Stored data entries:
(* Assume $(A_1)$ and $(A_2)$. If $\bar x\in D$ minimizes $J$ over $D$, i.e. $\bar x$ solves $$\min\int_0^T L\big(t,x(t),x(t-\tau_1),\dot x(t),\dot x(t-\tau_2)\big)dt\quad\text{subject to } x|_{I_1}=\theta_1,\ x|_{I_2}=\theta_2,\ x(T)=\alpha,\ x\in\mathcal{H},$$ then, writing $\partial_iL[\bar x](t)=\partial_iL\big(t,\bar x(t),\bar x(t-\tau_1),\dot{\bar x}(t),\dot{\bar x}(t-\tau_2)\big)$, $$\begin{cases}\frac{d}{dt}\big\{\partial_4L[\bar x](t)+\partial_5L[\bar x](t+\tau_2)\big\}=\partial_2L[\bar x](t)+\partial_3L[\bar x](t+\tau_1), & \text{a.e. } t\in[0,T-\tau_1],\\[2pt] \frac{d}{dt}\big\{\partial_4L[\bar x](t)+\partial_5L[\bar x](t+\tau_2)\big\}=\partial_2L[\bar x](t), & \text{a.e. } t\in\,]T-\tau_1,T-\tau_2],\\[2pt] \frac{d}{dt}\partial_4L[\bar x](t)=\partial_2L[\bar x](t), & \text{a.e. } t\in\,]T-\tau_2,T].\end{cases}$$
   Context: Fix $N\ge 1$, $T>0$ and $0<\tau_2<\tau_1<T$; $I=[0,T]$, $I_1=[-\tau_1,-\tau_2]$, $I_2=[-\tau_2,0]$. $\mathcal{H}$ is the Hilbert space of functions $x:[-\tau_1,T]\to\mathbb{R}^N$ with $x|_{I_1}\in L^2(I_1,\mathbb{R}^N)$, $x|_{I_2}\in H^1(I_2,\mathbb{R}^N)$, $x|_I\in H^1(I,\mathbb{R}^N)$, normed by $\|x\|_{\mathcal{H}}=\big(\|x|_{I_1}\|^2_{L^2}+\|x|_{I_2}\|^2_{H^1}+\|x|_I\|^2_{H^1}\big)^{1/2}$. $\theta_1:I_1\to\mathbb{R}^N$, $\theta_2:I_2\to\mathbb{R}^N$ are given piecewise smooth functions, $\alpha\in\mathbb{R}^N$, and $D=\{x\in\mathcal{H}: x|_{I_1}=\theta_1,\ x|_{I_2}=\theta_2,\ x(T)=\alpha\}$. $J(x)=\int_0^T L(t,x(t),x(t-\tau_1),\dot x(t),\dot x(t-\tau_2))dt$. The Lagrangian is $L:[0,T]\times\mathbb{R}^{4N}\to\mathbb{R}$, $(t,a,\bar a,b,\bar b)\mapsto L(t,a,\bar a,b,\bar b)$; $\partial_iL$ is its partial derivative with respect to its $i$-th argument. Assumptions: $(A_1)$ $L$ is $C^1$ in $(a,\bar a,b,\bar b)$ for a.e. $t$ and measurable in $t$ for every $(a,\bar a,b,\bar b)$; $(A_2)$ there exist $\gamma_i\in L^2(I,\mathbb{R}^+)$, $i=1,\dots,5$, with $|L|\le\gamma_1(t)$ and $\|\partial_iL\|\le\gamma_i(t)$, $i=2,\dots,5$, for a.e. $t\in I$ and all arguments. Derivatives $\frac{d}{dt}$ are understood in the weak sense, the equations holding almost everywhere. *)

theory Defs
  imports "HOL-Analysis.Analysis"
begin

- _What to do_
Where a line above contains the string "begin", copy that line.

- _Answer box_
(* Assume $(A_1)$ and $(A_2)$. If $\bar x\in D$ minimizes $J$ over $D$, i.e. $\bar x$ solves $$\min\int_0^T L\big(t,x(t),x(t-\tau_1),\dot x(t),\dot x(t-\tau_2)\big)dt\quad\text{subject to } x|_{I_1}=\theta_1,\ x|_{I_2}=\theta_2,\ x(T)=\alpha,\ x\in\mathcal{H},$$ then, writing $\partial_iL[\bar x](t)=\partial_iL\big(t,\bar x(t),\bar x(t-\tau_1),\dot{\bar x}(t),\dot{\bar x}(t-\tau_2)\big)$, $$\begin{cases}\frac{d}{dt}\big\{\partial_4L[\bar x](t)+\partial_5L[\bar x](t+\tau_2)\big\}=\partial_2L[\bar x](t)+\partial_3L[\bar x](t+\tau_1), & \text{a.e. } t\in[0,T-\tau_1],\\[2pt] \frac{d}{dt}\big\{\partial_4L[\bar x](t)+\partial_5L[\bar x](t+\tau_2)\big\}=\partial_2L[\bar x](t), & \text{a.e. } t\in\,]T-\tau_1,T-\tau_2],\\[2pt] \frac{d}{dt}\partial_4L[\bar x](t)=\partial_2L[\bar x](t), & \text{a.e. } t\in\,]T-\tau_2,T].\end{cases}$$
begin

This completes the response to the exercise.